1
0
mirror of https://github.com/laurent22/joplin.git synced 2024-12-30 10:36:35 +02:00
joplin/readme/news/20200906-172325.md
2021-12-17 18:37:01 +01:00

6.2 KiB

created source_url
2020-09-06T17:23:25.000+00:00 https://www.patreon.com/posts/improving-sync-41310131

Improving the sync process in Joplin

The latest version of Joplin includes a mechanism to upgrade the  structure of a sync target. When you startup the app you will be asked  to upgrade before being able to sync. Once you start the process, the  app will briefly display an information screen, upgrade the sync target,  and then restart the app. You’ll then be able to sync with the new sync  target format. That first upgrade is quite simple as the goal for now  is to put the mechanism in place and verify that it works well.

From a user perspective this feature doesn’t do anything visible, although it caused some issues, so one might wonder why it’s even there. This post is meant to clarify this.

The structure of the sync target hasn’t really changed since the day  Joplin was released. It works well however it has some shortcomings that  should be fixed eventually for sync to remain performant.

There are also various improvements that could be made but were not  previously possible due to the lack of an upgrade mechanism. I have  listed below the 5 main limitations or issues with the current sync  process and how they could be fixed:

No upper limit on the number of items

Joplin’s UI works well even with millions of notes, however the sync  target will keep getting slower and slower as more files are added to  it. File systems often have a limit to the number of files they can  support in a directory. One user also has reached the limit of 150,000 items on OneDrive.

For now, this is not a big issue because most users don’t have  millions of items, but as more web pages are being clipped (clipped  pages often contain many small resources and images) and more note  revisions are created (one note can have hundreds of revisions), this  issue might start affecting more users.

One way to solve this issue would be to split the sync items into  multiple directories. For example if we split the main directory into  100 sub-directories, it will be possible to have 15,000,000 OneDrive  items instead of 150,000. Another way would be to support note  archiving, as described below. How exactly we’ll handle this problem is  still to be defined, but there are certainly ways.

Not possible to prioritise downloads

Currently, when syncing, the items are downloaded in a random way. So  it might download some notes, then some tags and notebooks, then back  to downloading notes, etc. For small sync operations it doesn’t matter,  but large ones, like when setting up a new device, it is very  inefficient. For example, the app might download hundreds of note  revisions or tags, but won’t display anything for a while because it  won’t have downloaded notebooks or notes.

A simple improvement would be to group the items by type on the sync  target. So all notebook items together, all tags together, etc. Doing so  means when syncing we can first download the notebooks, then the notes,  which means something will be displayed almost immediately in the app,  allowing the user to start using it. Then later less important items  like tags or note revisions will be downloaded.

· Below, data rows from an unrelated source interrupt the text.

(* Let $(G,+)$ be a Polish group and let $P \subseteq G$ be a perfect set. Then there is a perfect set $Q \subseteq P$ which is skew.
   Context: The group $(G,+)$ is written additively (not necessarily abelian), with $x-y=x+(-y)$. A set is perfect if it is closed and has no isolated points. A set $Z \subseteq G$ is skew if for all $x,y,v,w\in Z$: if $x\neq y$, $v\neq w$ and $\{x,y\}\neq\{v,w\}$, then $x-y\neq v-w$. *)

theory Defs
  imports "HOL-Analysis.Analysis"
begin

definition Polish_space :: "'a topology \<Rightarrow> bool" where
  "Polish_space X \<longleftrightarrow> completely_metrizable_space X \<and> separable_space X"

definition polish_group :: "'a::{topological_space, group_add} itself \<Rightarrow> bool" where
  "polish_group _ \<longleftrightarrow> Polish_space (euclidean :: 'a topology)
     \<and> continuous_on (UNIV :: ('a \<times> 'a) set) (\<lambda>p. fst p + snd p)
     \<and> continuous_on (UNIV :: 'a set) uminus"

definition perfect_set :: "'a::topological_space set \<Rightarrow> bool" where
  "perfect_set P \<longleftrightarrow> closed P \<and> (\<forall>x\<in>P. x islimpt P)"

definition skew :: "'a::group_add set \<Rightarrow> bool" where
  "skew Z \<longleftrightarrow> (\<forall>x\<in>Z. \<forall>y\<in>Z. \<forall>v\<in>Z. \<forall>w\<in>Z.
      x \<noteq> y \<and> v \<noteq> w \<and> {x, y} \<noteq> {v, w} \<longrightarrow> x - y \<noteq> v - w)"

end

theory Submission
  imports Defs
begin

text \<open>
  Fix a complete metric \<open>d\<close> inducing the topology. Inside \<open>P\<close> we build a binary tree of closed
  balls \<open>cell s\<close>, indexed by finite 0-1 words, with radius at most \<open>2^-|s|\<close> and
  \<open>cell (s @ [b]) \<subseteq> cell s\<close>, such that at every level \<open>n\<close> each choice of one point from each of
  the \<open>2^n\<close> cells is injective and has skew range. The set of points lying in a cell of every
  level is then closed, perfect (sibling cells are disjoint and shrink), nonempty by completeness,
  and skew, since any four of its points are separated by the cells of a deep enough level.

  A level is obtained from the previous one by shrinking the balls around the children of each cell
  so as to satisfy the finitely many constraints \<open>x - y \<noteq> v - w\<close> one after another. Each constraint
  is open by continuity of subtraction, and dense because one of its four indices occurs only once:
  moving that single point, which is possible as \<open>P\<close> is perfect, destroys any solution of the
  equation, even in a non-abelian group.
\<close>

definition distinct_pairs :: "'a \<Rightarrow> 'a \<Rightarrow> 'a \<Rightarrow> 'a \<Rightarrow> bool" where
  "distinct_pairs x y v w \<longleftrightarrow> x \<noteq> y \<and> v \<noteq> w \<and> {x, y} \<noteq> {v, w}"

text \<open>The quadruples \<open>(s, s', s', s')\<close> express injectivity as a constraint of the same shape.\<close>
definition skew_constraints :: "'i set \<Rightarrow> ('i \<times> 'i \<times> 'i \<times> 'i) set" where
  "skew_constraints T = {(s1, s2, s3, s4). s1 \<in> T \<and> s2 \<in> T \<and> s3 \<in> T \<and> s4 \<in> T \<and>
     (distinct_pairs s1 s2 s3 s4 \<or> s1 \<noteq> s2 \<and> s3 = s2 \<and> s4 = s2)}"

lemma finite_skew_constraints: "finite T \<Longrightarrow> finite (skew_constraints T)"
  by (rule finite_subset[of _ "T \<times> T \<times> T \<times> T"]) (auto simp: skew_constraints_def)
(* Let $n\ge 2$ and $m=n-1$, let $\lambda_1,\dots,\lambda_n>0$, and let $X_1,\dots,X_n$ be independent random variables with $X_i\sim\mathrm{Poisson}(\lambda_i)$. Let $\mathbf A\in\mathrm{Mat}_{m\times n}(\mathbb{N})$ (where $\mathbb{N}=\mathbb{Z}_{\ge 0}$), and define $(Y_1,\dots,Y_m)^T=\mathbf A(X_1,\dots,X_n)^T$ and $F_{\mathbf Y}(b_1,\dots,b_m)=\mathbb{P}(Y_1=b_1,\dots,Y_m=b_m)$, so that \[ F_{\mathbf Y}(b)=\sum_{\substack{k\in\mathbb{N}^n\\ \mathbf A k=b}}\frac{\lambda_1^{k_1}}{k_1!}\cdots\frac{\lambda_n^{k_n}}{k_n!}\,e^{-(\lambda_1+\dots+\lambda_n)} . \] Suppose $\mathbf A$ has rank $r=m=n-1$ and all of its elementary divisors $d_1,\dots,d_r$ equal $\pm1$. Then $F_{\mathbf Y}$ can be written as a sum over a single index: there exist an integer matrix $\mathbf M\in\mathrm{Mat}_{n\times m}(\mathbb{Z})$ and an integer vector $v\in\mathbb{Z}^n$ such that for every $b\in\mathbb{N}^m$, writing $k(j)=\mathbf M b+j v$, \[ F_{\mathbf Y}(b)=\sum_{\substack{j\in\mathbb{Z}\\ k(j)\in\mathbb{N}^n}}\frac{\lambda_1^{k_1(j)}}{k_1(j)!}\cdots\frac{\lambda_n^{k_n(j)}}{k_n(j)!}\,e^{-(\lambda_1+\dots+\lambda_n)} . \]
   Context: Elementary divisors: every $\mathbf A\in\mathrm{Mat}_{m\times n}(\mathbb{Z})$ of rank $r$ has a Smith normal form, i.e. there are matrices $\mathbf P\in\mathrm{Mat}_{m\times m}(\mathbb{Z})$, $\mathbf Q\in\mathrm{Mat}_{n\times n}(\mathbb{Z})$ invertible over $\mathbb{Z}$ such that $\mathbf{PAQ}$ is the $m\times n$ matrix with diagonal entries $d_1,\dots,d_r,0,\dots,0$ and zeros elsewhere, with $d_i\ne0$ and $d_1\mid d_2\mid\cdots\mid d_r$; the $d_i$ are unique up to sign and are called the elementary divisors of $\mathbf A$. Equivalently $d_i=\pm\Delta_i/\Delta_{i-1}$ where $\Delta_i$ is the gcd of the $i\times i$ minors of $\mathbf A$ ($\Delta_0=1$). *)

theory Defs
  imports "HOL-Analysis.Analysis" "Jordan_Normal_Form.Matrix"
begin

definition smith_normal_form :: "int mat \<Rightarrow> int mat \<Rightarrow> int mat \<Rightarrow> (nat \<Rightarrow> int) \<Rightarrow> nat \<Rightarrow> bool" where
  "smith_normal_form A P Q d r \<longleftrightarrow>
     (let m = dim_row A; n = dim_col A in
        P \<in> carrier_mat m m \<and> Q \<in> carrier_mat n n \<and>
        invertible_mat P \<and> invertible_mat Q \<and> r \<le> min m n \<and>
        P * A * Q = mat m n (\<lambda>(i, j). if i = j \<and> i < r then d i else 0) \<and>
        (\<forall>i<r. d i \<noteq> 0) \<and> (\<forall>i. Suc i < r \<longrightarrow> d i dvd d (Suc i)))"

text \<open>The Poisson weight of a vector k in N^n (entries assumed nonnegative).\<close>
definition poisson_weight :: "nat \<Rightarrow> (nat \<Rightarrow> real) \<Rightarrow> int vec \<Rightarrow> real" where
  "poisson_weight n lam k =
     (\<Prod>i<n. lam i ^ nat (k $ i) / fact (nat (k $ i))) * exp (- (\<Sum>i<n. lam i))"

definition F_Y :: "int mat \<Rightarrow> (nat \<Rightarrow> real) \<Rightarrow> int vec \<Rightarrow> real" where
  "F_Y A lam b = infsum (poisson_weight (dim_col A) lam)
      {k. k \<in> carrier_vec (dim_col A) \<and> (\<forall>i<dim_col A. 0 \<le> k $ i) \<and> A *\<^sub>v k = b}"

end

theory Submission
  imports Defs
begin

text \<open>Write an integer vector as k = Q y. The Smith normal form P A Q = [diag d | 0] turns
  A k = b into d_i y_i = (P b)_i for i < m and leaves y_m free. As every d_i is a unit, the first
  m coordinates of y are integral and uniquely determined, so the integer solutions of A k = b form
  the line M b + j v with v = Q e_m, and F_Y is the Poisson sum reindexed along this line.\<close>

lemma mult_mat_vec_smult:
  fixes A :: "'a :: comm_semiring_0 mat"
  assumes "A \<in> carrier_mat nr nc" "v \<in> carrier_vec nc"
  shows "A *\<^sub>v (k \<cdot>\<^sub>v v) = k \<cdot>\<^sub>v (A *\<^sub>v v)"
  using assms by (intro eq_vecI) auto

lemma invertible_mat_obtain_inverse:
  fixes A :: "'a :: semiring_1 mat"
  assumes "invertible_mat A" "A \<in> carrier_mat n n"
  obtains B where "B \<in> carrier_mat n n" "A * B = 1\<^sub>m n" "B * A = 1\<^sub>m n"
proof -
  from assms obtain B where AB: "A * B = 1\<^sub>m n" and BA: "B * A = 1\<^sub>m (dim_row B)"
    unfolding invertible_mat_def inverts_mat_def by auto
  have col: "dim_col B = n" using arg_cong[OF AB, of dim_col] by simp
  have row: "dim_row B = n" using arg_cong[OF BA, of dim_col] assms(2) by simp
  show thesis
  proof (rule that)
    show "B \<in> carrier_mat n n" using row col by (rule carrier_matI)
    show "A * B = 1\<^sub>m n" by (fact AB)
    show "B * A = 1\<^sub>m n" using BA unfolding row .
  qed
qed

lemma invertible_mat_mult_vec_cancel:
  fixes A :: "'a :: semiring_1 mat"
  assumes "invertible_mat A" "A \<in> carrier_mat n n" "x \<in> carrier_vec n" "y \<in> carrier_vec n"
  shows "A *\<^sub>v x = A *\<^sub>v y \<longleftrightarrow> x = y"
proof
  assume "A *\<^sub>v x = A *\<^sub>v y"
  obtain B where B: "B \<in> carrier_mat n n" "B * A = 1\<^sub>m n"
    using invertible_mat_obtain_inverse[OF assms(1,2)] by blast
  have "z = B *\<^sub>v (A *\<^sub>v z)" if "z \<in> carrier_vec n" for z
    using B assms(2) that by (simp flip: assoc_mult_mat_vec)
  then show "x = y" using assms(3,4) \<open>A *\<^sub>v x = A *\<^sub>v y\<close> by metis
qed simp

lemma rect_diag_mult_vec:
  fixes d :: "nat \<Rightarrow> 'a :: semiring_0"
  assumes "y \<in> carrier_vec nc" "r \<le> min nr nc"
  shows "mat nr nc (\<lambda>(i, j). if i = j \<and> i < r then d i else 0) *\<^sub>v y =
    vec nr (\<lambda>i. if i < r then d i * y $ i else 0)"
proof (rule eq_vecI)
  fix i assume "i < dim_vec (vec nr (\<lambda>i. if i < r then d i * y $ i else 0))"
  then have i: "i < nr" by simp
  have "(\<Sum>j<nc. (if i = j \<and> i < r then d i else 0) * y $ j) =
        (\<Sum>j<nc. if j = i then (if i < r then d i * y $ i else 0) else 0)"
    by (intro sum.cong) auto
  also have "\<dots> = (if i < r then d i * y $ i else 0)"
    using assms(2) by auto
  finally show "(mat nr nc (\<lambda>(i, j). if i = j \<and> i < r then d i else 0) *\<^sub>v y) $ i =
      vec nr (\<lambda>i. if i < r then d i * y $ i else 0) $ i"
    using i assms(1) by (simp add: scalar_prod_def atLeast0LessThan)
qed simp

lemma smith_normal_form_mult_vec_eq_iff:
  assumes snf: "smith_normal_form A P Q d r" and A: "A \<in> carrier_mat m n"
    and y: "y \<in> carrier_vec n" and b: "b \<in> carrier_vec m"
  shows "A *\<^sub>v (Q *\<^sub>v y) = b \<longleftrightarrow> (\<forall>i<m. (if i < r then d i * y $ i else 0) = (P *\<^sub>v b) $ i)"
proof -
  have P: "P \<in> carrier_mat m m" and Q: "Q \<in> carrier_mat n n" and "invertible_mat P" and "r \<le> min m n"
    and PAQ: "P * A * Q = mat m n (\<lambda>(i, j). if i = j \<and> i < r then d i else 0)"
    using snf A unfolding smith_normal_form_def Let_def by auto
  have "A *\<^sub>v (Q *\<^sub>v y) = b \<longleftrightarrow> P *\<^sub>v (A *\<^sub>v (Q *\<^sub>v y)) = P *\<^sub>v b"
    using invertible_mat_mult_vec_cancel[OF \<open>invertible_mat P\<close> P] A Q y b by simp
  also have "P *\<^sub>v (A *\<^sub>v (Q *\<^sub>v y)) = (P * A * Q) *\<^sub>v y"
    by (simp only: assoc_mult_mat_vec[OF mult_carrier_mat[OF P A] Q y]
        assoc_mult_mat_vec[OF P A mult_mat_vec_carrier[OF Q y]])
  also have "\<dots> = vec m (\<lambda>i. if i < r then d i * y $ i else 0)"
    unfolding PAQ using rect_diag_mult_vec[OF y \<open>r \<le> min m n\<close>] .
  finally show ?thesis using P b by (auto simp: vec_eq_iff)
qed

lemma smith_unit_corank_one_mult_vec_eq_iff:
  assumes snf: "smith_normal_form A P Q d m" and A: "A \<in> carrier_mat m n" and n: "n = Suc m"
    and units: "\<forall>i<m. d i = 1 \<or> d i = -1"
    and y: "y \<in> carrier_vec n" and b: "b \<in> carrier_vec m"
  shows "A *\<^sub>v (Q *\<^sub>v y) = b \<longleftrightarrow> y = vec n (\<lambda>i. if i < m then d i * (P *\<^sub>v b) $ i else y $ m)"
proof -
  have "A *\<^sub>v (Q *\<^sub>v y) = b \<longleftrightarrow> (\<forall>i<m. d i * y $ i = (P *\<^sub>v b) $ i)"
    using smith_normal_form_mult_vec_eq_iff[OF snf A y b] by simp
  also have "\<dots> \<longleftrightarrow> (\<forall>i<m. y $ i = d i * (P *\<^sub>v b) $ i)"
    using units by (metis mult_1 mult_minus1 minus_minus)
  also have "\<dots> \<longleftrightarrow> y = vec n (\<lambda>i. if i < m then d i * (P *\<^sub>v b) $ i else y $ m)"
    using y n by (auto simp: vec_eq_iff less_Suc_eq)
  finally show ?thesis .
qed

lemma smith_unit_corank_one_solution_set:
  assumes snf: "smith_normal_form A P Q d m" and A: "A \<in> carrier_mat m n" and n: "n = Suc m"
    and units: "\<forall>i<m. d i = 1 \<or> d i = -1" and b: "b \<in> carrier_vec m"
  shows "{k \<in> carrier_vec n. A *\<^sub>v k = b} =
    range (\<lambda>j. Q *\<^sub>v vec n (\<lambda>i. if i < m then d i * (P *\<^sub>v b) $ i else j))"
    (is "_ = range (\<lambda>j. Q *\<^sub>v ?z j)")
proof (intro equalityI subsetI)
  have Q: "Q \<in> carrier_mat n n" and "invertible_mat Q"
    using snf A unfolding smith_normal_form_def Let_def by auto
  note solves_iff = smith_unit_corank_one_mult_vec_eq_iff[OF snf A n units _ b]
  {
    fix k assume "k \<in> {k \<in> carrier_vec n. A *\<^sub>v k = b}"
    then have k: "k \<in> carrier_vec n" and "A *\<^sub>v k = b" by auto
    obtain Qi where Qi: "Qi \<in> carrier_mat n n" "Q * Qi = 1\<^sub>m n"
      using invertible_mat_obtain_inverse[OF \<open>invertible_mat Q\<close> Q] by blast
    have QQi: "Q *\<^sub>v (Qi *\<^sub>v k) = k"
      using Q Qi k by (simp flip: assoc_mult_mat_vec)
    then have "A *\<^sub>v (Q *\<^sub>v (Qi *\<^sub>v k)) = b" using \<open>A *\<^sub>v k = b\<close> by simp
    then have "Qi *\<^sub>v k = ?z ((Qi *\<^sub>v k) $ m)"
      using solves_iff[OF mult_mat_vec_carrier[OF Qi(1) k]] by blast
    then have "Q *\<^sub>v (Qi *\<^sub>v k) = Q *\<^sub>v ?z ((Qi *\<^sub>v k) $ m)" by (rule arg_cong)
    then show "k \<in> range (\<lambda>j. Q *\<^sub>v ?z j)" unfolding QQi by (rule range_eqI)
  next
    fix k assume "k \<in> range (\<lambda>j. Q *\<^sub>v ?z j)"
    then obtain j where k: "k = Q *\<^sub>v ?z j" by auto
    have "A *\<^sub>v (Q *\<^sub>v ?z j) = b"
      by (rule solves_iff[of "?z j", THEN iffD2]) (auto simp: n)
    then show "k \<in> {k \<in> carrier_vec n. A *\<^sub>v k = b}" using k Q by simp
  }
qed

lemma smith_unit_corank_one_solutions:
  assumes snf: "smith_normal_form A P Q d m" and A: "A \<in> carrier_mat m n" and n: "n = Suc m"
    and units: "\<forall>i<m. d i = 1 \<or> d i = -1"
  obtains M v where "M \<in> carrier_mat n m" "v \<in> carrier_vec n" "v \<noteq> 0\<^sub>v n"
    "\<And>b. b \<in> carrier_vec m \<Longrightarrow> {k \<in> carrier_vec n. A *\<^sub>v k = b} = range (\<lambda>j. M *\<^sub>v b + j \<cdot>\<^sub>v v)"
proof
  have P: "P \<in> carrier_mat m m" and Q: "Q \<in> carrier_mat n n" and "invertible_mat Q"
    using snf A unfolding smith_normal_form_def Let_def by auto
  define D' where "D' = mat n m (\<lambda>(i, j). if i = j \<and> i < m then d i else 0)"
  have D': "D' \<in> carrier_mat n m" by (simp add: D'_def)
  then have D'P: "D' * P \<in> carrier_mat n m" using P by simp
  show "Q * (D' * P) \<in> carrier_mat n m" using Q D'P by simp
  show "Q *\<^sub>v unit_vec n m \<in> carrier_vec n" using Q by simp
  have "Q *\<^sub>v 0\<^sub>v n = 0\<^sub>v n" using Q by auto
  then show "Q *\<^sub>v unit_vec n m \<noteq> 0\<^sub>v n"
    using invertible_mat_mult_vec_cancel[OF \<open>invertible_mat Q\<close> Q, of "unit_vec n m" "0\<^sub>v n"] n
    by simp
  fix b :: "int vec" assume b: "b \<in> carrier_vec m"
  have "vec n (\<lambda>i. if i < m then d i * (P *\<^sub>v b) $ i else j) = D' *\<^sub>v (P *\<^sub>v b) + j \<cdot>\<^sub>v unit_vec n m"
    for j using rect_diag_mult_vec[of "P *\<^sub>v b" m m n d] P b n by (auto simp: D'_def)
  then have "Q *\<^sub>v vec n (\<lambda>i. if i < m then d i * (P *\<^sub>v b) $ i else j) =
      Q * (D' * P) *\<^sub>v b + j \<cdot>\<^sub>v (Q *\<^sub>v unit_vec n m)" for j
    using Q D' P b
    by (simp add: assoc_mult_mat_vec[OF Q D'P b] assoc_mult_mat_vec[OF D' P b] mult_add_distrib_mat_vec
        mult_mat_vec_smult)
  then show "{k \<in> carrier_vec n. A *\<^sub>v k = b} =
      range (\<lambda>j. Q * (D' * P) *\<^sub>v b + j \<cdot>\<^sub>v (Q *\<^sub>v unit_vec n m))"
    using smith_unit_corank_one_solution_set[OF snf A n units b] by simp
qed

lemma inj_affine_line:
  fixes v :: "'a :: idom vec"
  assumes "v \<in> carrier_vec n" "v \<noteq> 0\<^sub>v n"
  shows "inj (\<lambda>j. c + j \<cdot>\<^sub>v v)"
proof
  fix j1 j2 assume eq: "c + j1 \<cdot>\<^sub>v v = c + j2 \<cdot>\<^sub>v v"
  obtain i where i: "i < n" "v $ i \<noteq> 0"
    using assms by (auto simp: vec_eq_iff)
  have "j1 * v $ i = j2 * v $ i"
    using arg_cong[OF eq, of "\<lambda>x. x $ i"] i assms(1) by simp
  then show "j1 = j2" using i by simp
qed

lemma F_Y_reindex:
  assumes A: "A \<in> carrier_mat m n" and "inj line"
    and solutions: "{k \<in> carrier_vec n. A *\<^sub>v k = b} = range line"
  shows "F_Y A lam b = infsum (poisson_weight n lam \<circ> line) {j. \<forall>i<n. 0 \<le> line j $ i}"
proof -
  have "{k. k \<in> carrier_vec n \<and> (\<forall>i<n. 0 \<le> k $ i) \<and> A *\<^sub>v k = b} =
        {k \<in> range line. \<forall>i<n. 0 \<le> k $ i}"
    unfolding solutions[symmetric] by blast
  also have "\<dots> = line ` {j. \<forall>i<n. 0 \<le> line j $ i}" by blast
  finally show ?thesis
    unfolding F_Y_def using A infsum_reindex[OF inj_on_subset[OF \<open>inj line\<close> subset_UNIV]]
    by simp
qed

theorem mainTheorem1:
  fixes n m :: nat and lam :: "nat \<Rightarrow> real" and A :: "int mat"
  assumes "n \<ge> 2" and "m = n - 1"
    and "\<forall>i<n. lam i > 0"
    and "A \<in> carrier_mat m n" and "\<forall>i<m. \<forall>j<n. 0 \<le> A $$ (i, j)"
    and "\<exists>P Q d. smith_normal_form A P Q d m \<and> (\<forall>i<m. d i = 1 \<or> d i = -1)"
  shows "\<exists>M v. M \<in> carrier_mat n m \<and> v \<in> carrier_vec n \<and>
    (\<forall>b. b \<in> carrier_vec m \<and> (\<forall>i<m. 0 \<le> b $ i) \<longrightarrow>
       F_Y A lam b =
         infsum (\<lambda>j::int. poisson_weight n lam (M *\<^sub>v b + of_int j \<cdot>\<^sub>v v))
           {j. \<forall>i<n. 0 \<le> (M *\<^sub>v b + of_int j \<cdot>\<^sub>v v) $ i})"
proof -
  obtain P Q d where snf: "smith_normal_form A P Q d m" and units: "\<forall>i<m. d i = 1 \<or> d i = -1"
    using assms(6) by blast
  have "n = Suc m" using assms(1,2) by simp
  obtain M v where M: "M \<in> carrier_mat n m" and v: "v \<in> carrier_vec n" "v \<noteq> 0\<^sub>v n"
    and solutions: "\<And>b. b \<in> carrier_vec m \<Longrightarrow>
      {k \<in> carrier_vec n. A *\<^sub>v k = b} = range (\<lambda>j. M *\<^sub>v b + j \<cdot>\<^sub>v v)"
    using smith_unit_corank_one_solutions[OF snf assms(4) \<open>n = Suc m\<close> units] by blast
  have "F_Y A lam b = infsum (\<lambda>j::int. poisson_weight n lam (M *\<^sub>v b + of_int j \<cdot>\<^sub>v v))
          {j. \<forall>i<n. 0 \<le> (M *\<^sub>v b + of_int j \<cdot>\<^sub>v v) $ i}" if "b \<in> carrier_vec m" for b
    using F_Y_reindex[OF assms(4) inj_affine_line[OF v] solutions[OF that]] by (simp add: o_def)
  then show ?thesis using M v(1) by blast
qed

end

End-to-end encryption is hard to setup

Currently, the encryption settings is a property of the clients. What  it means it that when you setup a new client, it doesn’t know whether  the other clients use encryption or not. It’s going to guess more or  less based on the data on the sync target. You can also force it to use  encryption but this has drawbacks and often mean a new master key is  going to be created, even though there might already be one on the sync  target.

E2EE works well once it’s setup, but doing so can be tricky and possibly confusing - if you didn’t follow this guide to the letter, you might end up with multiple master keys, or sending decrypted notes to an encrypted target.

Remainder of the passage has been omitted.